One can show, that if $gcd (m,n) = 1$, then $\phi(mn) = \phi(m)\phi(n)$. Such functions are called multiplicative. (See Theorem 9.2.5.)

Finally, suppose that $a$ is an integer prime to the positive integer $m$, i.e., $gcd (a,m) = 1$. We claim that every element of the residue class $[a]$ is also prime to $m$. Thus suppose that $b\in [a]$, so $b \equiv a$ (mod $m$).
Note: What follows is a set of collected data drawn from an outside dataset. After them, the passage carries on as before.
(* Let $C\in\mathbb{R}^{n\times n}$ be symmetric, $\rho>0$, and let $(\tilde\sigma^k,\sigma^k,y^k)$ be generated by the ADMM-BM algorithm described in the context, with Assumption A holding. Then for every iteration $k$, $$L_\rho(\tilde\sigma^k,\sigma^k,y^k)-L_\rho(\tilde\sigma^{k+1},\sigma^{k+1},y^{k+1})\ \ge\ \Big(\frac{\rho\min_{i\in[n]}\|\gamma_i^k\|}{2}-\frac{\|C\|^2}{\rho}\Big)\|\tilde\sigma^{k+1}-\tilde\sigma^k\|_F^2+\frac\rho2\|\sigma^{k+1}-\sigma^k\|_F^2.$$
   Context: $\langle A,B\rangle=\mathrm{Tr}(A^\top B)$, $\|\cdot\|_F$ Frobenius norm, $\|C\|$ spectral norm. For $\sigma\in\mathbb{R}^{n\times r}$, $\sigma_i$ is its $i$-th row; $\mathcal{M}=\{\sigma\in\mathbb{R}^{n\times r}:\|\sigma_i\|=1\ \forall i\}$. ADMM-BM with parameter $\rho$: choose $\tilde\sigma^0\in\mathcal{M}$, $\sigma^0=\tilde\sigma^0$, $y^0=C\tilde\sigma^0$. For $k=0,1,\dots$: $\gamma^k=\sigma^k-\frac1\rho(y^k+C\sigma^k)$ with rows $\gamma_i^k$; $\tilde\sigma^{k+1}_i=\gamma_i^k/\|\gamma_i^k\|$; $\sigma^{k+1}=\tilde\sigma^{k+1}+\frac1\rho(y^k-C\tilde\sigma^{k+1})$; $y^{k+1}=y^k+\rho(\tilde\sigma^{k+1}-\sigma^{k+1})$. Assumption A: $\gamma_i^k\neq0$ for all $i,k$. $L_\rho(\tilde\sigma,\sigma,y)=\langle C,\tilde\sigma\sigma^\top\rangle+\langle y,\tilde\sigma-\sigma\rangle+\frac\rho2\|\tilde\sigma-\sigma\|_F^2+\sum_i\mathcal{I}_{\{\|u\|=1\}}(\tilde\sigma_i)$, $\mathcal{I}_S$ the indicator function of $S$. *)

theory Defs
  imports "HOL-Analysis.Analysis"
begin

text \<open>Matrices in R^{n x r} are represented as real^'r^'n (row i is A $ i).\<close>

definition frob_inner :: "real^'c^'b \<Rightarrow> real^'c^'b \<Rightarrow> real" where
  "frob_inner A B = (\<Sum>i\<in>UNIV. \<Sum>j\<in>UNIV. A $ i $ j * B $ i $ j)"

definition frob_norm :: "real^'c^'b \<Rightarrow> real" where
  "frob_norm A = sqrt (frob_inner A A)"

definition spec_norm :: "real^'n^'n \<Rightarrow> real" where
  "spec_norm C = onorm (\<lambda>x. C *v x)"

definition oblique_M :: "(real^'r^'n) set" where
  "oblique_M = {s. \<forall>i. norm (s $ i) = 1}"

definition sphere_ind :: "real^'r \<Rightarrow> ereal" where
  "sphere_ind u = (if norm u = 1 then 0 else \<infinity>)"

definition L_rho :: "real \<Rightarrow> real^'n^'n \<Rightarrow> real^'r^'n \<Rightarrow> real^'r^'n \<Rightarrow> real^'r^'n \<Rightarrow> ereal" where
  "L_rho \<rho> C st s y =
     ereal (frob_inner C (st ** transpose s) + frob_inner y (st - s)
            + \<rho> / 2 * (frob_norm (st - s))\<^sup>2)
     + (\<Sum>i\<in>UNIV. sphere_ind (st $ i))"

end

(*
  On the oblique manifold the indicator terms vanish, and all feasible points have the same
  Frobenius norm, so L_rho is a smooth function there.  The sigma-tilde update lowers L_rho by
  rho <gamma, sigma-tilde' - sigma-tilde>; as row i of sigma-tilde' is gamma_i normalised, that
  row contributes |gamma_i|/2 |sigma-tilde'_i - sigma-tilde_i|^2.  The sigma update minimises a
  rho-strongly convex quadratic exactly, gaining rho/2 |sigma' - sigma|^2.  The dual update costs
  |y' - y|^2 / rho, and the invariant y = C sigma-tilde bounds this by
  |C|^2 / rho |sigma-tilde' - sigma-tilde|^2.
*)
theory Submission
  imports Defs
begin

lemma frob_inner_eq_inner: "frob_inner A B = inner A B"
  unfolding frob_inner_def inner_vec_def inner_real_def by simp

lemma frob_norm_eq_norm: "frob_norm A = norm A"
  unfolding frob_norm_def frob_inner_eq_inner by (simp add: norm_eq_sqrt_inner)

lemma power2_norm_vec_rows: "(norm (X :: real^'c^'b))\<^sup>2 = (\<Sum>i\<in>UNIV. (norm (X $ i))\<^sup>2)"
  unfolding power2_norm_eq_inner inner_vec_def ..

lemma matrix_diff_ldistrib: "(A :: real^'n^'m) ** (B - C) = A ** B - A ** C"
  by (simp add: matrix_matrix_mult_def vec_eq_iff sum_subtractf right_diff_distrib)

lemma inner_transpose: "inner (transpose A) (transpose B) = inner (A :: real^'c^'b) B"
  unfolding inner_vec_def transpose_def by (simp add: sum.swap[of _ "UNIV :: 'b set"])

lemma norm_transpose: "norm (transpose A) = norm (A :: real^'c^'b)"
  by (simp add: norm_eq_sqrt_inner inner_transpose)

lemma inner_matrix_mult_transpose:
  "inner (C :: real^'n^'m) (A ** transpose B) = inner (C ** B) (A :: real^'r^'m)"
proof -
  have "inner C (A ** transpose B) = (\<Sum>i\<in>UNIV. \<Sum>j\<in>UNIV. \<Sum>k\<in>UNIV. C$i$j * A$i$k * B$j$k)"
    by (simp add: inner_vec_def matrix_matrix_mult_def transpose_def sum_distrib_left mult_ac)
  also have "\<dots> = (\<Sum>i\<in>UNIV. \<Sum>k\<in>UNIV. \<Sum>j\<in>UNIV. C$i$j * A$i$k * B$j$k)"
    by (rule sum.cong[OF refl], rule sum.swap)
  also have "\<dots> = inner (C ** B) A"
    by (simp add: inner_vec_def matrix_matrix_mult_def sum_distrib_left sum_distrib_right mult_ac)
  finally show ?thesis .
qed

lemma inner_symmetric_matrix_mult:
  assumes "transpose C = C"
  shows "inner ((C :: real^'n^'n) ** B) (A :: real^'r^'n) = inner B (C ** A)"
proof -
  have "inner (C ** B) A = inner (transpose C) (transpose (A ** transpose B))"
    by (simp add: inner_transpose inner_matrix_mult_transpose)
  also have "\<dots> = inner (C ** A) B"
    by (simp add: assms matrix_transpose_mul inner_matrix_mult_transpose)
  finally show ?thesis by (simp add: inner_commute)
qed

lemma transpose_matrix_mult_row:
  "transpose (A ** B) $ j = (A :: real^'n^'m) *v (transpose B $ j)"
  by (simp add: transpose_def matrix_matrix_mult_def matrix_vector_mult_def mult.commute)

text \<open>The columns of A ** X are the images of the columns of X under A.\<close>
lemma norm_matrix_mult_le_onorm:
  "norm ((A :: real^'n^'m) ** (X :: real^'r^'n)) \<le> onorm ((*v) A) * norm X"
proof (rule power2_le_imp_le)
  have "(norm (A ** X))\<^sup>2 = (\<Sum>j\<in>UNIV. (norm (A *v (transpose X $ j)))\<^sup>2)"
    by (simp add: norm_transpose[symmetric, of "A ** X"] power2_norm_vec_rows
        transpose_matrix_mult_row)
  also have "\<dots> \<le> (\<Sum>j\<in>UNIV. (onorm ((*v) A) * norm (transpose X $ j))\<^sup>2)"
    by (intro sum_mono power_mono onorm) auto
  also have "\<dots> = (onorm ((*v) A) * norm X)\<^sup>2"
    by (simp add: power_mult_distrib sum_distrib_left[symmetric] power2_norm_vec_rows[symmetric]
        norm_transpose)
  finally show "(norm (A ** X))\<^sup>2 \<le> (onorm ((*v) A) * norm X)\<^sup>2" .
  show "0 \<le> onorm ((*v) A) * norm X"
    by (simp add: onorm_pos_le)
qed

lemma power2_norm_oblique: "A \<in> oblique_M \<Longrightarrow> (norm (A :: real^'r^'n))\<^sup>2 = real CARD('n)"
  by (simp add: power2_norm_vec_rows oblique_M_def)

lemma inner_sgn_diff:
  fixes g u :: "'a :: real_inner"
  assumes "norm u = 1"
  shows "inner g (sgn g - u) = norm g / 2 * (norm (sgn g - u))\<^sup>2"
proof (cases "g = 0")
  case False
  define e where "e = sgn g"
  have e: "inner e e = 1"
    using False by (simp add: e_def dot_square_norm norm_sgn)
  have u: "inner u u = 1"
    using assms by (simp add: dot_square_norm)
  have "g = norm g *\<^sub>R e"
    using False by (simp add: e_def sgn_div_norm)
  then have "inner g (e - u) = inner (norm g *\<^sub>R e) (e - u)"
    by (rule arg_cong)
  also have "\<dots> = norm g * (1 - inner e u)"
    by (simp add: inner_diff_right e right_diff_distrib)
  also have "\<dots> = norm g / 2 * (norm (e - u))\<^sup>2"
    by (simp add: power2_norm_eq_inner inner_diff_left inner_diff_right inner_commute[of u e] e u)
  finally show ?thesis
    by (simp only: e_def)
qed simp

lemma inner_rowwise_sgn_diff_ge:
  fixes g a a' :: "real^'r^'n"
  assumes a: "a \<in> oblique_M" and a': "\<And>i. a' $ i = sgn (g $ i)"
  shows "Min (range (\<lambda>i. norm (g $ i))) / 2 * (norm (a' - a))\<^sup>2 \<le> inner g (a' - a)"
proof -
  let ?m = "Min (range (\<lambda>i. norm (g $ i)))"
  have "?m / 2 * (norm (a' - a))\<^sup>2 = (\<Sum>i\<in>UNIV. ?m / 2 * (norm (a' $ i - a $ i))\<^sup>2)"
    by (simp add: power2_norm_vec_rows sum_distrib_left)
  also have "\<dots> \<le> (\<Sum>i\<in>UNIV. norm (g $ i) / 2 * (norm (a' $ i - a $ i))\<^sup>2)"
    by (intro sum_mono mult_right_mono divide_right_mono) auto
  also have "\<dots> = (\<Sum>i\<in>UNIV. inner (g $ i) (a' $ i - a $ i))"
    using a by (simp add: a' inner_sgn_diff oblique_M_def)
  also have "\<dots> = inner g (a' - a)"
    by (simp add: inner_vec_def)
  finally show ?thesis .
qed

definition L_rho_smooth :: "real \<Rightarrow> real^'n^'n \<Rightarrow> real^'r^'n \<Rightarrow> real^'r^'n \<Rightarrow> real^'r^'n \<Rightarrow> real"
  where "L_rho_smooth \<rho> C st s y = inner (C ** s) st + inner y (st - s) + \<rho> / 2 * (norm (st - s))\<^sup>2"

lemma L_rho_oblique: "st \<in> oblique_M \<Longrightarrow> L_rho \<rho> C st s y = ereal (L_rho_smooth \<rho> C st s y)"
  by (simp add: L_rho_def L_rho_smooth_def oblique_M_def sphere_ind_def frob_inner_eq_inner
      frob_norm_eq_norm inner_matrix_mult_transpose)

lemma L_rho_smooth_st_step:
  assumes "(norm a')\<^sup>2 = (norm a)\<^sup>2" and "\<rho> \<noteq> 0"
    and g: "g = b - (1 / \<rho>) *\<^sub>R (Y + C ** b)"
  shows "L_rho_smooth \<rho> C a b Y - L_rho_smooth \<rho> C a' b Y = \<rho> * inner g (a' - a)"
proof -
  have "\<rho> *\<^sub>R g = \<rho> *\<^sub>R b - Y - C ** b"
    using \<open>\<rho> \<noteq> 0\<close> by (simp add: g scaleR_diff_right)
  then have "\<rho> * inner g (a' - a) = inner (\<rho> *\<^sub>R b - Y - C ** b) (a' - a)"
    by (metis inner_scaleR_left)
  then show ?thesis
    using assms(1)
    by (simp add: L_rho_smooth_def power2_norm_eq_inner inner_diff_left inner_diff_right
        inner_commute algebra_simps)
qed

text \<open>As a function of b, the Lagrangian is a quadratic with Hessian \<rho> I whose critical point
  is exactly the updated b'.\<close>
lemma L_rho_smooth_s_step:
  assumes "transpose C = C" and "\<rho> \<noteq> 0"
    and b': "b' = a' + (1 / \<rho>) *\<^sub>R (Y - C ** a')"
  shows "L_rho_smooth \<rho> C a' b Y - L_rho_smooth \<rho> C a' b' Y = \<rho> / 2 * (norm (b' - b))\<^sup>2"
proof -
  have Ca': "C ** a' = Y - \<rho> *\<^sub>R (b' - a')"
    using \<open>\<rho> \<noteq> 0\<close> by (simp add: b')
  show ?thesis
    unfolding L_rho_smooth_def inner_symmetric_matrix_mult[OF assms(1), of b a']
      inner_symmetric_matrix_mult[OF assms(1), of b' a'] Ca' power2_norm_eq_inner
    by (simp add: inner_diff_left inner_diff_right inner_commute algebra_simps)
qed

lemma L_rho_smooth_y_step:
  assumes "\<rho> \<noteq> 0" and Y': "Y' = Y + \<rho> *\<^sub>R (a' - b')"
  shows "L_rho_smooth \<rho> C a' b' Y - L_rho_smooth \<rho> C a' b' Y' = - (norm (Y' - Y))\<^sup>2 / \<rho>"
proof -
  have "a' - b' = (1 / \<rho>) *\<^sub>R (Y' - Y)"
    using assms by simp
  then show ?thesis
    by (simp add: L_rho_smooth_def power2_norm_eq_inner inner_diff_left diff_divide_distrib)
qed

lemma L_rho_smooth_sweep_decrease:
  fixes C :: "real^'n^'n" and a b Y a' b' Y' g :: "real^'r^'n"
  assumes symC: "transpose C = C" and rho: "\<rho> > 0"
    and a: "a \<in> oblique_M" and a': "a' \<in> oblique_M"
    and Y: "Y = C ** a" and Y': "Y' = C ** a'"
    and g: "g = b - (1 / \<rho>) *\<^sub>R (Y + C ** b)"
    and a'_rows: "\<And>i. a' $ i = sgn (g $ i)"
    and b': "b' = a' + (1 / \<rho>) *\<^sub>R (Y - C ** a')"
    and Y'_upd: "Y' = Y + \<rho> *\<^sub>R (a' - b')"
  shows "(\<rho> * Min (range (\<lambda>i. norm (g $ i))) / 2 - (spec_norm C)\<^sup>2 / \<rho>) * (norm (a' - a))\<^sup>2
          + \<rho> / 2 * (norm (b' - b))\<^sup>2
       \<le> L_rho_smooth \<rho> C a b Y - L_rho_smooth \<rho> C a' b' Y'"
proof -
  let ?L = "L_rho_smooth \<rho> C"
  have "(norm a')\<^sup>2 = (norm a)\<^sup>2"
    using power2_norm_oblique[OF a] power2_norm_oblique[OF a'] by simp
  then have st_step: "?L a b Y - ?L a' b Y = \<rho> * inner g (a' - a)"
    using rho g by (intro L_rho_smooth_st_step) auto
  have s_step: "?L a' b Y - ?L a' b' Y = \<rho> / 2 * (norm (b' - b))\<^sup>2"
    using symC rho b' by (intro L_rho_smooth_s_step) auto
  have y_step: "?L a' b' Y - ?L a' b' Y' = - (norm (Y' - Y))\<^sup>2 / \<rho>"
    using rho Y'_upd by (intro L_rho_smooth_y_step) auto
  have "\<rho> * (Min (range (\<lambda>i. norm (g $ i))) / 2 * (norm (a' - a))\<^sup>2) \<le> \<rho> * inner g (a' - a)"
    using rho inner_rowwise_sgn_diff_ge[OF a a'_rows] by simp
  moreover have "(norm (Y' - Y))\<^sup>2 / \<rho> \<le> (spec_norm C)\<^sup>2 * (norm (a' - a))\<^sup>2 / \<rho>"
    using rho norm_matrix_mult_le_onorm[of C "a' - a"]
    by (intro divide_right_mono)
      (simp_all add: Y Y' matrix_diff_ldistrib spec_norm_def power_mult_distrib[symmetric]
        power_mono)
  ultimately show ?thesis
    using st_step s_step y_step by (simp add: algebra_simps)
qed

theorem lemma1:
  fixes C :: "real^'n^'n"
    and \<rho> :: real
    and st s y \<gamma> :: "nat \<Rightarrow> real^'r^'n"
  assumes symC: "transpose C = C"
    and rho_pos: "\<rho> > 0"
    and init_M: "st 0 \<in> oblique_M"
    and init_s: "s 0 = st 0"
    and init_y: "y 0 = C ** st 0"
    and gamma_def: "\<And>k. \<gamma> k = s k - (1 / \<rho>) *\<^sub>R (y k + C ** s k)"
    and st_upd: "\<And>k i. st (Suc k) $ i = (1 / norm (\<gamma> k $ i)) *\<^sub>R (\<gamma> k $ i)"
    and s_upd: "\<And>k. s (Suc k) = st (Suc k) + (1 / \<rho>) *\<^sub>R (y k - C ** st (Suc k))"
    and y_upd: "\<And>k. y (Suc k) = y k + \<rho> *\<^sub>R (st (Suc k) - s (Suc k))"
    and assumptionA: "\<And>k i. \<gamma> k $ i \<noteq> 0"
  shows "\<forall>k. L_rho \<rho> C (st k) (s k) (y k) - L_rho \<rho> C (st (Suc k)) (s (Suc k)) (y (Suc k))
           \<ge> ereal ((\<rho> * Min (range (\<lambda>i. norm (\<gamma> k $ i))) / 2 - (spec_norm C)\<^sup>2 / \<rho>)
                     * (frob_norm (st (Suc k) - st k))\<^sup>2
                   + \<rho> / 2 * (frob_norm (s (Suc k) - s k))\<^sup>2)"
proof -
  have st_rows: "st (Suc k) $ i = sgn (\<gamma> k $ i)" for k i
    by (simp add: st_upd sgn_div_norm divide_inverse)
  have feasible: "st k \<in> oblique_M" for k
    using init_M by (cases k) (simp_all add: oblique_M_def st_rows norm_sgn assumptionA)
  have dual_invariant: "y k = C ** st k" for k
    using init_y rho_pos by (cases k) (simp_all add: y_upd s_upd)
  show ?thesis
    using L_rho_smooth_sweep_decrease[OF symC rho_pos feasible feasible dual_invariant
        dual_invariant gamma_def st_rows s_upd y_upd]
    by (simp add: L_rho_oblique[OF feasible] frob_norm_eq_norm)
qed

end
If $d = gcd (b,m)$, then since $m\vert (b - a)$, $d \vert(b - a)$, but $d\vert b$, so $d\vert a$. Consequently, $d\vert a$ and $d\vert m$ which implies $d = 1$ since $gcd (a,m) = 1$. On the basis of this it makes sense to say that a residue class is prime to $m$. We know that there are $\phi(m)$ residue classes prime to $m$, and a set of elements, exactly one from each of these classes, is called a reduced residue system modulo $m$.

We shall denote the set of residue classes prime to $m$ by ${\cal R} (m)$.